HumamAlwassel / TSP

TSP: Temporally-Sensitive Pretraining of Video Encoders for Localization Tasks (ICCVW 2021)
http://humamalwassel.com/publication/tsp/
MIT License
107 stars 16 forks source link

The LOSS value is too large and does not decrease #17

Closed ZChengLong578 closed 2 years ago

ZChengLong578 commented 2 years ago

Hi, @HumamAlwassel, I'm sorry to bother you again. I did it without or very little background (no action). Now I have added more background (no Action), but the LOSS value is very large and does not decrease. The specific situation is shown in the following figure: 3ed8aa4893a75580fc15295ef5acb27 Here are the files for the training set and validation set: 90dbeb733f39c8a64cecf13b03542ba What can I do to solve this problem?
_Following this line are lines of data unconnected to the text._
lemma proper_letters_approx: "approx u v \<Longrightarrow> proper_letters u = proper_letters v"
proof -
  assume "approx u v"
  then have "count_list u c = count_list v c" if "proper c" for c
    using that count_approx by (simp add: proper_def)
  then show ?thesis
    unfolding proper_letters_def by (metis count_list_0_iff)
qed

lemma proper_letters_cls: "proper_letters_cls (cls w) = proper_letters w"
  unfolding proper_letters_cls_def cls_def using proper_letters_approx approx_refl by blast

lemma count_list_replicate: "count_list (replicate n y) x = (if y = x then n else 0)"
  by (induction n) auto

lemma count_map_eq: "(\<And>c. f c = x \<longleftrightarrow> c = x) \<Longrightarrow> count_list (map f u) x = count_list u x"
  by (induction u) auto

lemma count_map_two: "(\<And>c. f c = x \<longleftrightarrow> c = x \<or> c = z) \<Longrightarrow> x \<noteq> z \<Longrightarrow>
   count_list (map f u) x = count_list u x + count_list u z"
  by (induction u) auto

definition blocks_body :: "(letter \<times> nat) list \<Rightarrow> word" where
  "blocks_body bs = join_eps (map (\<lambda>(x, l). replicate l x) bs)"

lemma blocks_word_eq: "blocks_word bs = Sig # blocks_body bs"
  by (simp add: blocks_word_def blocks_body_def)

lemma blocks_body_Nil [simp]: "blocks_body [] = []"
  by (simp add: blocks_body_def)

lemma join_eps_Cons: "join_eps (b # bss) = b @ (if bss = [] then [] else Eps # join_eps bss)"
  by (cases bss) auto

lemma blocks_body_Cons:
  "blocks_body ((x, l) # cs) = replicate l x @ (if cs = [] then [] else Eps # blocks_body cs)"
  by (simp add: blocks_body_def join_eps_Cons)

lemma blocks_ok_Cons:
  "blocks_ok ((x, l) # cs) \<longleftrightarrow> proper x \<and> 0 < l \<and> (cs = [] \<or> blocks_ok cs \<and> x \<noteq> fst (cs ! 0))"
  unfolding blocks_ok_def
  by (cases cs) (auto simp: nth_Cons split: nat.splits)

lemma blocks_ok_mem: "blocks_ok bs \<Longrightarrow> c \<in> set bs \<Longrightarrow> proper (fst c) \<and> 0 < snd c"
  unfolding blocks_ok_def by (cases c) auto

lemma blocks_okD:
  assumes "blocks_ok bs" "k < length bs"
  shows "proper (fst (bs ! k))" "0 < snd (bs ! k)"
    "Suc k < length bs \<Longrightarrow> fst (bs ! k) \<noteq> fst (bs ! Suc k)"
  using assms blocks_ok_mem[OF assms(1) nth_mem[OF assms(2)]] unfolding blocks_ok_def by auto

lemma set_blocks_body: "set (blocks_body bs) \<subseteq> insert Eps (fst ` set bs)"
proof (induction bs)
  case (Cons c bs)
  then show ?case by (cases c) (auto simp: blocks_body_Cons)
qed simp

lemma proper_letters_blocks_word:
  assumes "blocks_ok bs"
  shows "proper_letters (blocks_word bs) = fst ` set bs"
proof -
  have "fst c \<in> set (blocks_body bs)" if "c \<in> set bs" for c
    using that blocks_ok_mem[OF assms that]
    by (induction bs) (auto simp: blocks_body_Cons split: prod.splits)
  then show ?thesis
    using set_blocks_body[of bs] blocks_ok_mem[OF assms]
    unfolding proper_letters_def blocks_word_eq proper_def by auto
qed

lemma count_blocks_body:
  "x \<noteq> Eps \<Longrightarrow> count_list (blocks_body bs) x = (\<Sum>c\<leftarrow>bs. if fst c = x then snd c else 0)"
  by (induction bs) (auto simp: blocks_body_Cons count_list_replicate)
text \<open>The induced map U_A is measure preserving: on the set where the return time is n it
  acts as U^n, and by Poincare recurrence the images of these level sets under U^n partition A
  up to a null set; the induced map of the inverse V of U is an a.e. inverse of U_A.
  If c is the cocycle of U, the cocycle of U_A at x is the sum of c along x, U x, ... up to the
  return time n(x), so subadditivity of phi gives phi |c_A x| <= (sum i < n(x). phi |c (U^i x)|).
  Transport the i-th term by U^i: a point is then met by at most one term, because the
  preimages under V^i of the sets of points of A that have not returned by time i are pairwise
  disjoint. Hence the integral of phi |c_A| is at most that of phi |c|, and by aperiodicity
  cocycles are unique a.e., so these integrals are the distances to the identity.\<close>

definition int_iter_eq :: "('a \<Rightarrow> 'a) \<Rightarrow> int \<Rightarrow> 'a \<Rightarrow> 'a \<Rightarrow> bool" where
  "int_iter_eq T k x y \<longleftrightarrow> (k \<ge> 0 \<longrightarrow> (T ^^ nat k) x = y) \<and> (k < 0 \<longrightarrow> (T ^^ nat (- k)) y = x)"

text \<open>Unlike int_iter_eq, this relation is transitive without any invertibility of T; the two
  agree at points along whose forward orbits W inverts T.\<close>
definition orbit_shift :: "('a \<Rightarrow> 'a) \<Rightarrow> int \<Rightarrow> 'a \<Rightarrow> 'a \<Rightarrow> bool" where
  "orbit_shift T k x y \<longleftrightarrow> (\<exists>m n. k = int m - int n \<and> (T ^^ m) x = (T ^^ n) y)"

definition orbit_left_inverse :: "('a \<Rightarrow> 'a) \<Rightarrow> ('a \<Rightarrow> 'a) \<Rightarrow> 'a \<Rightarrow> bool" where
  "orbit_left_inverse W T x \<longleftrightarrow> (\<forall>i. W (T ((T ^^ i) x)) = (T ^^ i) x)"
(* Let $\lambda>0$, let $\boldsymbol\alpha^\star$ be the optimal solution of the dual problem $\max_{\boldsymbol\alpha\ge\mathbf0}D_\lambda(\boldsymbol\alpha)$ and $\mathbf m^\star$ the optimal solution of the primal problem $\min_{\mathbf m\ge\mathbf0}P_\lambda(\mathbf m)$. Suppose $\mathbf q\in\mathbb R^{2nK}$ and $r\ge0$ satisfy $\|\boldsymbol\alpha^\star-\mathbf q\|_2^2\le r^2$. Then for every $k\in[p]$, $$\mathbf C_{k,:}\mathbf q+r\|\mathbf C_{k,:}\|_2\le\lambda\ \Longrightarrow\ m_k^\star=0.$$
   Context: Let $n,K,p\ge1$ be integers, $[n]=\{1,\dots,n\}$. For each $i\in[n]$ let $\mathbf x_i\in\mathbb R^p$ have nonnegative entries and let $\mathcal D_i,\mathcal S_i\subseteq[n]$ be sets of size $K$. Put $\mathbf c_{ij}=(\mathbf x_i-\mathbf x_j)\circ(\mathbf x_i-\mathbf x_j)$ (entrywise product). Vectors in $\mathbb R^{2nK}$ are indexed by the pairs $(i,l)$, $l\in\mathcal D_i$ ("different-class pairs") and $(i,j)$, $j\in\mathcal S_i$ ("same-class pairs"). $\mathbf C\in\mathbb R^{p\times2nK}$ has column $\mathbf c_{il}$ for each different-class pair and $-\mathbf c_{ij}$ for each same-class pair; $\mathbf C_{k,:}$ is its $k$-th row. Fix $L\ge U\ge0$, $\eta>0$; let $\mathbf t\in\mathbb R^{2nK}$ have entry $L$ at different-class pairs and $-U$ at same-class pairs; $\ell_s(x)=([s-x]_+)^2$ with $[z]_+=\max\{z,0\}$ (entrywise for vectors); $\mathbf1$ is the all-ones vector. For $\lambda>0$ define on $\mathbf m\in\mathbb R^p_{\ge0}$ $$P_\lambda(\mathbf m)=\sum_{i\in[n]}\Big[\sum_{l\in\mathcal D_i}\ell_L(\mathbf m^\top\mathbf c_{il})+\sum_{j\in\mathcal S_i}\ell_{-U}(-\mathbf m^\top\mathbf c_{ij})\Big]+\lambda\Big(\mathbf m^\top\mathbf1+\frac\eta2\|\mathbf m\|_2^2\Big),$$ and on $\boldsymbol\alpha\in\mathbb R^{2nK}_{\ge0}$ $$D_\lambda(\boldsymbol\alpha)=-\frac14\|\boldsymbol\alpha\|_2^2+\mathbf t^\top\boldsymbol\alpha-\frac{\lambda\eta}2\|\mathbf m_\lambda(\boldsymbol\alpha)\|_2^2,\qquad\mathbf m_\lambda(\boldsymbol\alpha)=\frac1{\lambda\eta}[\mathbf C\boldsymbol\alpha-\lambda\mathbf1]_+.$$ *)

theory Defs
  imports Complex_Main
begin

text \<open>Data: points x i (i in {1..n}) with coordinates x i k (k in {1..p});
  D i, S i are the different-class / same-class neighbour sets.
  Pairs are indexed by Inl (i,l) (different-class, l in D i) and
  Inr (i,j) (same-class, j in S i).\<close>

type_synonym pidx = "(nat \<times> nat) + (nat \<times> nat)"

definition pospart :: "real \<Rightarrow> real" where
  "pospart z = max z 0"

definition ell :: "real \<Rightarrow> real \<Rightarrow> real" where
  "ell s z = (pospart (s - z))\<^sup>2"

definition cvec :: "(nat \<Rightarrow> nat \<Rightarrow> real) \<Rightarrow> nat \<Rightarrow> nat \<Rightarrow> nat \<Rightarrow> real" where
  "cvec x i j k = (x i k - x j k) * (x i k - x j k)"

definition pairs :: "nat \<Rightarrow> (nat \<Rightarrow> nat set) \<Rightarrow> (nat \<Rightarrow> nat set) \<Rightarrow> pidx set" where
  "pairs n D S = {Inl (i, l) | i l. i \<in> {1..n} \<and> l \<in> D i}
              \<union> {Inr (i, j) | i j. i \<in> {1..n} \<and> j \<in> S i}"
lemma (in group) conj_subset_if_rcoset_fixed:
  assumes S: "subgroup S G" and R: "subgroup R G" and x: "x \<in> carrier G"
    and fixed: "\<forall>r\<in>R. S #> x #> inv r = S #> x"
  shows "conj_set G R (inv x) \<subseteq> S"
proof -
  have "x \<otimes> r \<otimes> inv x \<in> S" if r: "r \<in> R" for r
  proof -
    have rG: "r \<in> carrier G" and "inv r \<in> R"
      using r subgroup.subset[OF R] subgroup.m_inv_closed[OF R] by auto
    then have "S #> x #> r = S #> x"
      using fixed by (metis inv_inv)
    then have "S #> (x \<otimes> r) = S #> x"
      using x rG subgroup.subset[OF S] by (simp add: coset_mult_assoc)
    then have "x \<otimes> r \<in> S #> x"
      using rcos_self[OF _ S] x rG by (metis m_closed)
    then show ?thesis
      using subgroup.rcos_module_imp[OF S is_group x] by simp
  qed
  then show ?thesis
    unfolding conj_set_def using x by auto
qed

locale finite_group_prime = group G for G (structure) +
  fixes p :: nat
  assumes finite_carrier: "finite (carrier G)" and prime_p: "Factorial_Ring.prime p"
begin

lemma finite_subgroup: "subgroup H G \<Longrightarrow> finite H"
  using finite_carrier subgroup.subset finite_subset by blast

lemma card_subgroup_prime_power:
  assumes "subgroup U G" "subgroup T G" "U \<subseteq> T" "card T = p ^ a"
  shows "\<exists>j. card U = p ^ j"
  using card_subgroup_dvd[OF assms(1-3)] assms(4) prime_p by (auto simp: divides_primepow_nat)

lemma card_p_subgroup_le:
  assumes H: "subgroup H G" and U: "subgroup U G" "U \<subseteq> H" "card U = p ^ j"
  shows "card U \<le> p ^ multiplicity p (card H)"
proof -
  have "card H \<noteq> 0"
    using finite_subgroup[OF H] subgroup.one_closed[OF H] by auto
  moreover have "p ^ j dvd card H"
    using card_subgroup_dvd[OF U(1) H U(2)] U(3) by simp
  ultimately have "j \<le> multiplicity p (card H)"
    using multiplicity_geI[of "card H" p j] prime_gt_1_nat[OF prime_p] by auto
  then show ?thesis
    using U(3) prime_gt_0_nat[OF prime_p] by (simp add: power_increasing)
qed

lemma sylow_subgroup_maximal:
  assumes P: "sylow_subgroup G p H P" and H: "subgroup H G"
    and U: "subgroup U G" "P \<subseteq> U" "U \<subseteq> H" "card U = p ^ j"
  shows "U = P"
proof -
  have "card U \<le> card P"
    using card_p_subgroup_le[OF H U(1,3,4)] P unfolding sylow_subgroup_def by simp
  then show ?thesis
    using card_seteq[OF finite_subgroup[OF U(1)] U(2)] by simp
qed

lemma sylow_subgroup_exists:
  assumes H: "subgroup H G"
  shows "\<exists>P. sylow_subgroup G p H P"
proof -
  interpret H: group "G\<lparr>carrier := H\<rparr>"
    using subgroup_imp_group[OF H] .
  have "order (G\<lparr>carrier := H\<rparr>) =
      p ^ multiplicity p (card H) * (order (G\<lparr>carrier := H\<rparr>) div p ^ multiplicity p (card H))"
    by (simp add: order_def multiplicity_dvd)
  then obtain P where P: "subgroup P (G\<lparr>carrier := H\<rparr>)" "card P = p ^ multiplicity p (card H)"
    using sylow_thm[OF prime_p H.group_axioms] finite_subgroup[OF H] by auto
  then show ?thesis
    unfolding sylow_subgroup_def using incl_subgroup[OF H P(1)] subgroup.subset[OF P(1)] by auto
qed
HumamAlwassel commented 2 years ago

Hi @ZChengLong578,

Unfortunately, I cannot really tell what the issue is from the pictures you attached. However, I noticed that you are using clip_length=4 with frame_rate=15 fps. A clip of only 4 frames is too short to tell you anything about the content of the video. My guess is that your network is just having a hard time learning because clips are too short and might look very similar. My suggestion is to increase the clip_length to 16 (just like we did in TSP). However, you might need to increase the frame_rate to 30 fps if you have too many annotations less than 16/15~=1.06 seconds.

Hope this helps, Humam

ZChengLong578 commented 2 years ago

Hi, @HumamAlwassel,

Thank you for your reply. I tried to set clip_length to 16, but still did not solve the problem of excessive loss value. I have now removed the background (no Action) part. Now I only add the action part to the training, and setting the clip_length to 16 greatly improves the accuracy of the model. However, since my video is short, when the frame_rate is 15, nearly 35% of the action videos are removed, so I try to set the frame_rate to 30. But it's a little bit worse than it was at 15. Since the length of my action videos is mostly integer, more than 96% of the videos can be added to training if the frame_rate is set to 16. But I noticed that in the data preparation phase the video was processed at 30 fps, which is exactly double 15. If I want to set frame_rate to 16, do I need to set the frame_rate to 32 fps in the preparation phase?

HumamAlwassel commented 2 years ago

Hi @ZChengLong578,

No need to change the video data preparation phase. The training code will do the sampling according to the frame_rate you specify as input.